To retrieve the verifier, you call `d=w.verify()` before any calls to
`send()/get()`. The Deferred will not fire until internal key-confirmation
has taken place (meaning the two sides have exchanged their initial PAKE
messages, and the wormhole codes matched), so `verify()` is also a good way
to detect typos or mistakes entering the code. The Deferred will errback with
wormhole.WrongPasswordError if the codes did not match, or it will callback
with the verifier bytes if they did match.
Once retrieved, you can turn this into hex or Base64 to print it, or render
it as ASCII-art, etc. Once the users are convinced that `verify()` from both
sides are the same, call `send()/get()` to continue the protocol. If you call
`send()/get()` before `verify()`, it will perform the complete protocol
without pausing.
## Generating the Invitation Code
In most situations, the "sending" or "initiating" side will call `get_code()`
to generate the invitation code. This returns a string in the form
`NNN-code-words`. The numeric "NNN" prefix is the "channel id", and is a
short integer allocated by talking to the rendezvous server. The rest is a
randomly-generated selection from the PGP wordlist, providing a default of 16
bits of entropy. The initiating program should display this code to the user,
who should transcribe it to the receiving user, who gives it to the Receiver
object by calling `set_code()`. The receiving program can also use
`input_code()` to use a readline-based input function: this offers tab
completion of allocated channel-ids and known codewords.

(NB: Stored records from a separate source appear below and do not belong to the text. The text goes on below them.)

(* Let $V$ be a finite-dimensional real vector space with a non-degenerate symmetric bilinear form $\langle\cdot,\cdot\rangle$, and let $J:V\to V$ be linear, self-adjoint with respect to $\langle\cdot,\cdot\rangle$, with $J^2=-\operatorname{id}$. Let $V_+\subset V$ be a subspace on which $g:=\langle\cdot,\cdot\rangle|_{V_+}$ is positive definite, such that $V=V_+\oplus JV_+$ and $V_+\perp JV_+$. Let $T:V_+\to V_+$ be linear and set $\tilde V_+:=\{v+JTv: v\in V_+\}$. Then: (1) $\tilde V_+\perp J\tilde V_+$ if and only if $T$ is skew-adjoint with respect to $g$; (2) the restriction of $\langle\cdot,\cdot\rangle$ to $\tilde V_+$ is positive definite if and only if $|T|<1$, where $|T|$ denotes the operator norm of $T$ with respect to $g$. *)

theory Defs
  imports "HOL-Analysis.Analysis"
begin

text \<open>A finite-dimensional real vector space is modelled by a type of class euclidean_space;
  only its vector-space structure is used, the form B is an arbitrary bilinear form.\<close>

definition symmetric_form :: "('a \<Rightarrow> 'a \<Rightarrow> real) \<Rightarrow> bool" where
  "symmetric_form B \<longleftrightarrow> (\<forall>x y. B x y = B y x)"

definition nondegenerate_form :: "('a::real_vector \<Rightarrow> 'a \<Rightarrow> real) \<Rightarrow> bool" where
  "nondegenerate_form B \<longleftrightarrow> (\<forall>x. (\<forall>y. B x y = 0) \<longrightarrow> x = 0)"

definition pos_def_on :: "('a \<Rightarrow> 'a \<Rightarrow> real) \<Rightarrow> 'a::real_vector set \<Rightarrow> bool" where
  "pos_def_on B W \<longleftrightarrow> (\<forall>v\<in>W. v \<noteq> 0 \<longrightarrow> B v v > 0)"

definition orth_sets :: "('a \<Rightarrow> 'a \<Rightarrow> real) \<Rightarrow> 'a set \<Rightarrow> 'a set \<Rightarrow> bool" where
  "orth_sets B X Y \<longleftrightarrow> (\<forall>x\<in>X. \<forall>y\<in>Y. B x y = 0)"

definition linear_endo_on :: "'a::real_vector set \<Rightarrow> ('a \<Rightarrow> 'a) \<Rightarrow> bool" where
  "linear_endo_on W T \<longleftrightarrow> (\<forall>x\<in>W. T x \<in> W) \<and>
     (\<forall>x\<in>W. \<forall>y\<in>W. T (x + y) = T x + T y) \<and> (\<forall>c. \<forall>x\<in>W. T (c *\<^sub>R x) = c *\<^sub>R T x)"

text \<open>Operator norm of T on W with respect to the inner product g = B restricted to W
  (taken to be 0 if W is trivial).\<close>
definition op_norm_on :: "('a \<Rightarrow> 'a \<Rightarrow> real) \<Rightarrow> 'a::real_vector set \<Rightarrow> ('a \<Rightarrow> 'a) \<Rightarrow> real" where
  "op_norm_on B W T = Sup ({0} \<union> {sqrt (B (T v) (T v)) | v. v \<in> W \<and> B v v = 1})"

end

theory Submission imports Defs begin

text \<open>
  For v, v' in V+ the relations J^2 = -id, <Jx, y> = <x, Jy> and V+ orthogonal to JV+ give
  <v + JTv, J(v' + JTv')> = -(g(v, Tv') + g(Tv, v')) and <v + JTv, v + JTv> = g(v, v) - g(Tv, Tv).
  The first identity is exactly (1). By the second, and since v |-> v + JTv is injective on V+,
  (2) amounts to g(Tv, Tv) < g(v, v) for all v /= 0, and this is equivalent to |T| < 1 because
  the ratio g(Tv, Tv) / g(v, v) attains its maximum on the compact unit sphere of V+.
\<close>

lemma bilinear_scaleR_scaleR:
  assumes "bilinear B"
  shows "B (c *\<^sub>R x) (c *\<^sub>R y) = c * c * B x y"
  using bilinear_lmul[OF assms] bilinear_rmul[OF assms] by simp

lemma linear_endo_on_0:
  assumes "subspace W" "linear_endo_on W T"
  shows "T 0 = 0"
  using assms unfolding linear_endo_on_def by (metis scale_zero_left subspace_0)

lemma linear_endo_on_extends_to_linear:
  fixes T :: "'a::real_vector \<Rightarrow> 'a"
  assumes W: "subspace W" and T: "linear_endo_on W T"
  shows "\<exists>L. linear L \<and> (\<forall>x\<in>W. L x = T x)"
proof -
  obtain Bs where Bs: "Bs \<subseteq> W" "independent Bs" "W \<subseteq> span Bs"
    using maximal_independent_subset by blast
  obtain L where L: "linear L" "\<forall>x\<in>Bs. L x = T x"
    using linear_independent_extend[OF Bs(2)] by blast
  have "x \<in> W \<and> L x = T x" if "x \<in> span Bs" for x
    using that
  proof (induct rule: span_induct)
    case step
    then show ?case using L Bs by auto
  next
    case base
    show ?case unfolding subspace_def
      using W T linear_endo_on_0[OF W T] L(1) unfolding linear_endo_on_def
      by (auto simp: subspace_add subspace_mul subspace_0 linear_add linear_scale linear_0)
  qed
  then show ?thesis using L Bs by blast
qed

lemma linear_form_ratio_attains_max:
  fixes B :: "'a::euclidean_space \<Rightarrow> 'a \<Rightarrow> real"
  assumes B: "bilinear B" and pd: "pos_def_on B W" and W: "subspace W" and L: "linear L"
    and nontrivial: "W \<noteq> {0}"
  shows "\<exists>u\<in>W. u \<noteq> 0 \<and> (\<forall>v\<in>W. B (L v) (L v) * B u u \<le> B (L u) (L u) * B v v)"
proof -
  define K where "K = W \<inter> sphere 0 1"
  define ratio where "ratio u = B (L u) (L u) / B u u" for u
  have K: "compact K"
    unfolding K_def using closed_Int_compact[OF closed_subspace[OF W] compact_sphere] by simp
  have normalize: "(1 / norm v) *\<^sub>R v \<in> K" if "v \<in> W" "v \<noteq> 0" for v
    unfolding K_def using that W by (simp add: subspace_mul)
  obtain w where "w \<in> W" "w \<noteq> 0" using nontrivial W subspace_0 by blast
  with normalize have "K \<noteq> {}" by blast
  have K_pos: "B u u > 0" if "u \<in> K" for u
    using that pd unfolding K_def pos_def_on_def by auto
  have bB: "bounded_bilinear B" using B bilinear_conv_bounded_bilinear by blast
  have "continuous_on K L"
    using L linear_conv_bounded_linear linear_continuous_on by blast
  then have "continuous_on K ratio"
    unfolding ratio_def using K_pos
    by (intro continuous_on_divide bounded_bilinear.continuous_on[OF bB] continuous_on_id)
      (auto, metis less_irrefl)
  then obtain u where u: "u \<in> K" "\<forall>y\<in>K. ratio y \<le> ratio u"
    using continuous_attains_sup[OF K \<open>K \<noteq> {}\<close>] by blast
  have "B (L v) (L v) * B u u \<le> B (L u) (L u) * B v v" if v: "v \<in> W" for v
  proof (cases "v = 0")
    case True
    then show ?thesis using bilinear_lzero[OF B] linear_0[OF L] by simp
  next
    case False
    have "ratio v = ratio ((1 / norm v) *\<^sub>R v)"
      using False by (simp add: ratio_def linear_scale[OF L] bilinear_scaleR_scaleR[OF B])
    also have "\<dots> \<le> ratio u" using u normalize[OF v False] by blast
    finally show ?thesis
      using pd v False K_pos[OF u(1)] unfolding ratio_def pos_def_on_def
      by (simp add: divide_le_eq le_divide_eq mult.commute)
  qed
  moreover have "u \<in> W" "u \<noteq> 0" using u unfolding K_def by auto
  ultimately show ?thesis by blast
qed

lemma linear_endo_on_sharp_bound:
  fixes B :: "'a::euclidean_space \<Rightarrow> 'a \<Rightarrow> real"
  assumes B: "bilinear B" and pd: "pos_def_on B W" and W: "subspace W" and T: "linear_endo_on W T"
  obtains M where "M \<ge> 0" "\<forall>v\<in>W. B (T v) (T v) \<le> M * B v v"
    "M = 0 \<or> (\<exists>u\<in>W. u \<noteq> 0 \<and> B (T u) (T u) = M * B u u)"
proof (cases "W = {0}")
  case True
  then show ?thesis
    using that[of 0] linear_endo_on_0[OF W T] bilinear_lzero[OF B] by auto
next
  case False
  obtain L where L: "linear L" "\<forall>x\<in>W. L x = T x"
    using linear_endo_on_extends_to_linear[OF W T] by blast
  obtain u where u: "u \<in> W" "u \<noteq> 0" "\<forall>v\<in>W. B (L v) (L v) * B u u \<le> B (L u) (L u) * B v v"
    using linear_form_ratio_attains_max[OF B pd W L(1) False] by blast
  have u_pos: "B u u > 0" using pd u unfolding pos_def_on_def by blast
  have "B (T u) (T u) \<ge> 0"
    using pd u(1) T bilinear_lzero[OF B] unfolding pos_def_on_def linear_endo_on_def
    by (metis less_eq_real_def)
  with u_pos have "B (T u) (T u) / B u u \<ge> 0" by simp
  moreover have "\<forall>v\<in>W. B (T v) (T v) \<le> B (T u) (T u) / B u u * B v v"
    using u L(2) u_pos by (simp add: field_simps)
  moreover have "B (T u) (T u) = B (T u) (T u) / B u u * B u u" using u_pos by simp
  ultimately show ?thesis using that u by blast
qed

lemma op_norm_on_le:
  assumes "M \<ge> 0" "\<forall>v\<in>W. B (T v) (T v) \<le> M * B v v"
  shows "op_norm_on B W T \<le> sqrt M"
  unfolding op_norm_on_def
proof (rule cSup_least)
  fix x assume "x \<in> {0} \<union> {sqrt (B (T v) (T v)) |v. v \<in> W \<and> B v v = 1}"
  then show "x \<le> sqrt M"
    using assms by (auto intro: real_sqrt_le_mono)
qed simp

lemma sqrt_form_ratio_le_op_norm_on:
  fixes B :: "'a::real_vector \<Rightarrow> 'a \<Rightarrow> real"
  assumes B: "bilinear B" and pd: "pos_def_on B W" and W: "subspace W" and T: "linear_endo_on W T"
    and bound: "\<forall>v\<in>W. B (T v) (T v) \<le> M * B v v"
    and v: "v \<in> W" "v \<noteq> 0"
  shows "sqrt (B (T v) (T v) / B v v) \<le> op_norm_on B W T"
proof -
  define S where "S = {0} \<union> {sqrt (B (T v) (T v)) | v. v \<in> W \<and> B v v = 1}"
  have "bdd_above S"
  proof (rule bdd_aboveI)
    fix x assume "x \<in> S"
    then show "x \<le> sqrt \<bar>M\<bar>"
      using bound unfolding S_def by (auto intro!: real_sqrt_le_mono)
  qed
  have v_pos: "B v v > 0" using pd v unfolding pos_def_on_def by blast
  define c where "c = 1 / sqrt (B v v)"
  have cc: "c * c = 1 / B v v"
    unfolding c_def using v_pos by (simp add: real_sqrt_mult[symmetric])
  have "c *\<^sub>R v \<in> W" using v W by (simp add: subspace_mul)
  moreover have "B (c *\<^sub>R v) (c *\<^sub>R v) = 1"
    using bilinear_scaleR_scaleR[OF B] cc v_pos by simp
  moreover have "T (c *\<^sub>R v) = c *\<^sub>R T v" using T v unfolding linear_endo_on_def by blast
  ultimately have "sqrt (c * c * B (T v) (T v)) \<in> S"
    unfolding S_def by (auto simp: bilinear_scaleR_scaleR[OF B] intro!: exI[of _ "c *\<^sub>R v"])
  then show ?thesis
    using cSup_upper[OF _ \<open>bdd_above S\<close>] unfolding op_norm_on_def S_def cc by simp
qed

lemma op_norm_on_less_one_iff:
  fixes B :: "'a::euclidean_space \<Rightarrow> 'a \<Rightarrow> real"
  assumes B: "bilinear B" and pd: "pos_def_on B W" and W: "subspace W" and T: "linear_endo_on W T"
  shows "op_norm_on B W T < 1 \<longleftrightarrow> (\<forall>v\<in>W. v \<noteq> 0 \<longrightarrow> B (T v) (T v) < B v v)"
proof -
  obtain M where M: "M \<ge> 0" "\<forall>v\<in>W. B (T v) (T v) \<le> M * B v v"
    "M = 0 \<or> (\<exists>u\<in>W. u \<noteq> 0 \<and> B (T u) (T u) = M * B u u)"
    using linear_endo_on_sharp_bound[OF B pd W T] by blast
  show ?thesis
  proof
    assume "op_norm_on B W T < 1"
    then show "\<forall>v\<in>W. v \<noteq> 0 \<longrightarrow> B (T v) (T v) < B v v"
      using sqrt_form_ratio_le_op_norm_on[OF B pd W T M(2)] pd unfolding pos_def_on_def
      by (smt (verit) divide_less_eq_1_pos real_sqrt_lt_1_iff)
  next
    assume "\<forall>v\<in>W. v \<noteq> 0 \<longrightarrow> B (T v) (T v) < B v v"
    with M(3) pd have "M < 1" unfolding pos_def_on_def by force
    then show "op_norm_on B W T < 1"
      using op_norm_on_le[of M W B T] M(1,2) real_sqrt_lt_1_iff[of M] by linarith
  qed
qed

locale orthogonal_J_splitting =
  fixes B :: "'a::real_vector \<Rightarrow> 'a \<Rightarrow> real" and J :: "'a \<Rightarrow> 'a" and Vp :: "'a set"
  assumes bilinear: "bilinear B" and symmetric: "symmetric_form B"
    and linear_J: "linear J" and J_self_adjoint: "\<And>x y. B (J x) y = B x (J y)"
    and J_J: "\<And>x. J (J x) = - x"
    and subspace: "subspace Vp" and orth: "orth_sets B Vp (J ` Vp)"
    and direct: "Vp \<inter> J ` Vp = {0}"
begin

lemma form_J_J: "B (J x) (J y) = - B x y"
  using J_self_adjoint J_J bilinear_rneg[OF bilinear] by metis

lemma form_J_orth:
  assumes "p \<in> Vp" "q \<in> Vp"
  shows "B p (J q) = 0" and "B (J q) p = 0"
proof -
  show *: "B p (J q) = 0" using orth assms unfolding orth_sets_def by blast
  show "B (J q) p = 0" using * symmetric unfolding symmetric_form_def by metis
qed

lemma graph_pairing:
  assumes "p \<in> Vp" "q \<in> Vp" "p' \<in> Vp" "q' \<in> Vp"
  shows "B (p + J q) (J (p' + J q')) = - (B p q' + B q p')"
proof -
  have "J (p' + J q') = J p' + - q'" using J_J linear_add[OF linear_J] by simp
  then show ?thesis
    using form_J_orth[OF assms(1,3)] form_J_orth[OF assms(4,2)] form_J_J[of q p']
    by (simp add: bilinear_ladd[OF bilinear] bilinear_radd[OF bilinear]
        bilinear_rsub[OF bilinear])
qed

lemma graph_square:
  assumes "p \<in> Vp" "q \<in> Vp"
  shows "B (p + J q) (p + J q) = B p p - B q q"
  using form_J_orth[OF assms] form_J_J[of q q]
  by (simp add: bilinear_ladd[OF bilinear] bilinear_radd[OF bilinear])

lemma graph_eq_0:
  assumes "p \<in> Vp" "q \<in> Vp" "p + J q = 0"
  shows "p = 0"
proof -
  have "p = J (- q)" using assms(3) linear_neg[OF linear_J] by (simp add: add_eq_0_iff)
  moreover have "- q \<in> Vp" using assms(2) subspace by (simp add: subspace_neg)
  ultimately show ?thesis using assms(1) direct by blast
qed

lemma graph_orth_iff_skew_adjoint:
  assumes T: "linear_endo_on Vp T"
  shows "orth_sets B ((\<lambda>v. v + J (T v)) ` Vp) (J ` (\<lambda>v. v + J (T v)) ` Vp)
    \<longleftrightarrow> (\<forall>u\<in>Vp. \<forall>v\<in>Vp. B (T u) v = - B u (T v))"
proof -
  have TV: "\<And>v. v \<in> Vp \<Longrightarrow> T v \<in> Vp" using T unfolding linear_endo_on_def by blast
  have "B (u + J (T u)) (J (v + J (T v))) = 0 \<longleftrightarrow> B (T u) v = - B u (T v)"
    if "u \<in> Vp" "v \<in> Vp" for u v
    using graph_pairing[OF that(1) TV[OF that(1)] that(2) TV[OF that(2)]] by linarith
  then show ?thesis unfolding orth_sets_def by auto
qed

lemma graph_pos_def_iff:
  assumes T: "linear_endo_on Vp T"
  shows "pos_def_on B ((\<lambda>v. v + J (T v)) ` Vp) \<longleftrightarrow> (\<forall>v\<in>Vp. v \<noteq> 0 \<longrightarrow> B (T v) (T v) < B v v)"
proof -
  have TV: "\<And>v. v \<in> Vp \<Longrightarrow> T v \<in> Vp" using T unfolding linear_endo_on_def by blast
  have "v + J (T v) \<noteq> 0 \<longleftrightarrow> v \<noteq> 0" if "v \<in> Vp" for v
    using graph_eq_0[OF that TV[OF that]] linear_endo_on_0[OF subspace T] linear_0[OF linear_J]
    by auto
  then show ?thesis
    unfolding pos_def_on_def using graph_square TV by auto
qed

end

theorem lemma9:
  fixes B :: "'a::euclidean_space \<Rightarrow> 'a \<Rightarrow> real"
    and J T :: "'a \<Rightarrow> 'a"
    and Vp :: "'a set"
  assumes "bilinear B" and "symmetric_form B" and "nondegenerate_form B"
    and "linear J" and "\<forall>x y. B (J x) y = B x (J y)" and "\<forall>x. J (J x) = - x"
    and "subspace Vp" and "pos_def_on B Vp"
    and "{x + y | x y. x \<in> Vp \<and> y \<in> J ` Vp} = UNIV" and "Vp \<inter> J ` Vp = {0}"
    and "orth_sets B Vp (J ` Vp)"
    and "linear_endo_on Vp T"
  shows "(orth_sets B ((\<lambda>v. v + J (T v)) ` Vp) (J ` ((\<lambda>v. v + J (T v)) ` Vp))
           \<longleftrightarrow> (\<forall>u\<in>Vp. \<forall>v\<in>Vp. B (T u) v = - B u (T v)))
         \<and> (pos_def_on B ((\<lambda>v. v + J (T v)) ` Vp) \<longleftrightarrow> op_norm_on B Vp T < 1)"
proof -
  interpret orthogonal_J_splitting B J Vp
    using assms by (simp add: orthogonal_J_splitting_def)
  show ?thesis
    using graph_orth_iff_skew_adjoint[OF assms(12)] graph_pos_def_iff[OF assms(12)]
      op_norm_on_less_one_iff[OF assms(1,8,7,12)]
    by simp
qed

end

Alternatively, the human users can agree upon an invitation code themselves,
and provide it to both programs later (both sides call `set_code()`). They
should choose a channel-id that is unlikely to already be in use (3 or more
digits are recommended), append a hyphen, and then include randomly-selected
words or characters. Dice, coin flips, shuffled cards, or repeated sampling
of a high-resolution stopwatch are all useful techniques.
Note that the code is a human-readable string (the python "unicode" type in
python2, "str" in python3).
## Application Identifier
Applications using this library must provide an "application identifier", a
simple string that distinguishes one application from another. To ensure
uniqueness, use a domain name. To use multiple apps for a single domain,
append a URL-like slash and path, like `example.com/app1`. This string must
be the same on both clients, otherwise they will not see each other. The
invitation codes are scoped to the app-id. Note that the app-id must be
unicode, not bytes, so on python2 use `u"appid"`.

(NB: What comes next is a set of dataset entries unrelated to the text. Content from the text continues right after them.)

lemma ipoly_exponent_poly_cis:
  assumes "\<forall>k\<in>S. 0 \<le> k"
  shows "ipoly (exponent_poly S) (cis \<theta>) = (\<Sum>k\<in>S. cis (\<theta> * of_int k))"
proof -
  have "ipoly (exponent_poly S) (cis \<theta>) = (\<Sum>k\<in>S. cis \<theta> ^ nat k)"
    unfolding exponent_poly_def by simp
  also have "\<dots> = (\<Sum>k\<in>S. cis (\<theta> * of_int k))"
    using assms by (intro sum.cong) (simp_all add: DeMoivre of_nat_nat mult.commute)
  finally show ?thesis .
qed

lemma Psi_annihilates_iff:
  assumes "n > 0" "C \<subseteq> dic_elems n" "0 < r" "r < n"
  shows "annihilates n (Psi r) C
    \<longleftrightarrow> (\<forall>b. ipoly (exponent_poly (coset_exponents C b)) (cis (pi / n) ^ r) = 0)"
proof -
  define \<theta> where "\<theta> = pi * r / n"
  have "0 < \<theta>" "\<theta> < pi" using assms(1,3,4) unfolding \<theta>_def by (simp_all add: divide_less_eq)
  then have "sin \<theta> \<noteq> 0" using sin_gt_zero by fastforce
  have pointwise: "idem_apply n (Psi r) C (b, a) = 0
      \<longleftrightarrow> (\<Sum>j\<in>coset_exponents C b. cos (\<theta> * of_int (j - a))) = 0" for b a
  proof -
    have "pi * r * of_int (j - a) / n = \<theta> * of_int (j - a)" for j
      unfolding \<theta>_def by simp
    then show ?thesis using assms(1) by (simp only: idem_apply_Psi[OF assms(1,2)]) (simp del: of_real_sum)
  qed
  have "annihilates n (Psi r) C
      \<longleftrightarrow> (\<forall>b. \<forall>a\<in>{0..<2 * int n}. idem_apply n (Psi r) C (b, a) = 0)"
    unfolding annihilates_def dic_elems_eq by blast
  also have "\<dots> \<longleftrightarrow> (\<forall>b. \<forall>a\<in>{0..<2 * int n}.
      (\<Sum>j\<in>coset_exponents C b. cos (\<theta> * of_int (j - a))) = 0)"
    by (simp only: pointwise)
  also have "\<dots> \<longleftrightarrow> (\<forall>b. (\<Sum>j\<in>coset_exponents C b. cis (\<theta> * of_int j)) = 0)"
    using cos_sums_vanish_iff[OF \<open>sin \<theta> \<noteq> 0\<close>, of "{0..<2 * int n}"] assms(1) by simp
  also have "\<dots> \<longleftrightarrow> (\<forall>b. ipoly (exponent_poly (coset_exponents C b)) (cis (pi / n) ^ r) = 0)"
  proof -
    have "\<forall>k\<in>coset_exponents C b. 0 \<le> k" for b
      using assms(2) unfolding coset_exponents_def dic_elems_def by auto
    moreover have "cis (pi / n) ^ r = cis \<theta>" unfolding \<theta>_def DeMoivre by (simp add: mult.commute)
    ultimately show ?thesis by (simp add: ipoly_exponent_poly_cis)
  qed
  finally show ?thesis .
qed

Distinct app-ids reduce the size of the connection-id numbers. If fewer than
ten Wormholes are active for a given app-id, the connection-id will only need
to contain a single digit, even if some other app-id is currently using
thousands of concurrent sessions.
## Rendezvous Relays
The library depends upon a "rendezvous relay", which is a server (with a
public IP address) that delivers small encrypted messages from one client to
the other. This must be the same for both clients, and is generally baked-in
to the application source code or default config.

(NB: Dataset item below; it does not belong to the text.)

(* Let $\Phi$ be a strict Young function, $A\in GL(d,\mathbf R)$ and $a\in S^0_{1,0}(\mathbf R^{2d})$. Then $\mathrm{Op}_A(a)$ is continuous $L^\Phi(\mathbf R^d)\to L^\Phi(\mathbf R^d)$ and $wL^\Phi(\mathbf R^d)\to wL^\Phi(\mathbf R^d)$.
   Context: A Young function is a map $\Phi:[0,\infty)\to[0,\infty]$ which is convex, satisfies $\Phi(0)=0$ and $\lim_{t\to\infty}\Phi(t)=+\infty$. $\Phi$ satisfies the $\Delta_2$-condition if there is $C\ge1$ with $\Phi(2t)\le C\Phi(t)$ for all $t\ge0$; it satisfies the $\Lambda$-condition if there is $p>1$ with $\Phi(ct)\le c^p\Phi(t)$ for all $t\ge0$, $c\in(0,1]$. A Young function is strict if it is finite-valued on $[0,\infty)$ and satisfies both the $\Delta_2$- and the $\Lambda$-condition. $L^\Phi(\mathbf R^d)$ is the set of measurable $f$ with $\|f\|_{L^\Phi}=\inf\{\lambda>0:\int\Phi(|f|/\lambda)\,dx\le1\}<\infty$; with $\mu_f(t)=|\{x:|f(x)|>t\}|$, $wL^\Phi(\mathbf R^d)$ is the set of measurable $f$ with $\|f\|_{wL^\Phi}=\inf\{\lambda>0:\sup_{t>0}\Phi(t/\lambda)\mu_f(t)\le1\}<\infty$. $S^0_{1,0}(\mathbf R^{2d})$ is the set of $a\in C^\infty(\mathbf R^{2d})$ with $\sup_{x,\xi}\langle\xi\rangle^{|\alpha|}|D_\xi^\alpha D_x^\beta a(x,\xi)|<\infty$ for all multi-indices $\alpha,\beta$, where $\langle\xi\rangle=(1+|\xi|^2)^{1/2}$. For $f\in\mathscr S(\mathbf R^d)$, $\mathrm{Op}_A(a)f(x)=(2\pi)^{-d}\iint a(x-A(x-y),\xi)f(y)e^{i\langle x-y,\xi\rangle}\,dy\,d\xi$. This operator extends uniquely to a bounded operator on every $L^p$, $1<p<\infty$, hence to $L^{p_0}+L^{p_1}$ for $1<p_0<p_1<\infty$; the claim concerns this extension ($L^\Phi$ and $wL^\Phi$ lie in such sums for suitable $p_0,p_1$), and continuity means $\|\mathrm{Op}_A(a)f\|_{L^\Phi}\lesssim\|f\|_{L^\Phi}$ and $\|\mathrm{Op}_A(a)f\|_{wL^\Phi}\lesssim\|f\|_{wL^\Phi}$. *)

theory Defs
  imports "HOL-Analysis.Analysis"
begin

This library includes the URL of a public relay run by the author.
Application developers can use this one, or they can run their own (see the
`wormhole-server` command and the `src/wormhole/server/` directory) and
configure their clients to use it instead. This URL is passed as a unicode
string.
## Bytes, Strings, Unicode, and Python 3
All cryptographically-sensitive parameters are passed as bytes ("str" in
python2, "bytes" in python3):
* verifier string
* data in/out
* transit records in/out
Other (human-facing) values are always unicode ("unicode" in python2, "str"
in python3):
* wormhole code
* relay URL
* transit URLs
* transit connection hints (e.g. "host:port")
* application identifier
* derived-key "purpose" string: `w.derive_key(PURPOSE, LENGTH)`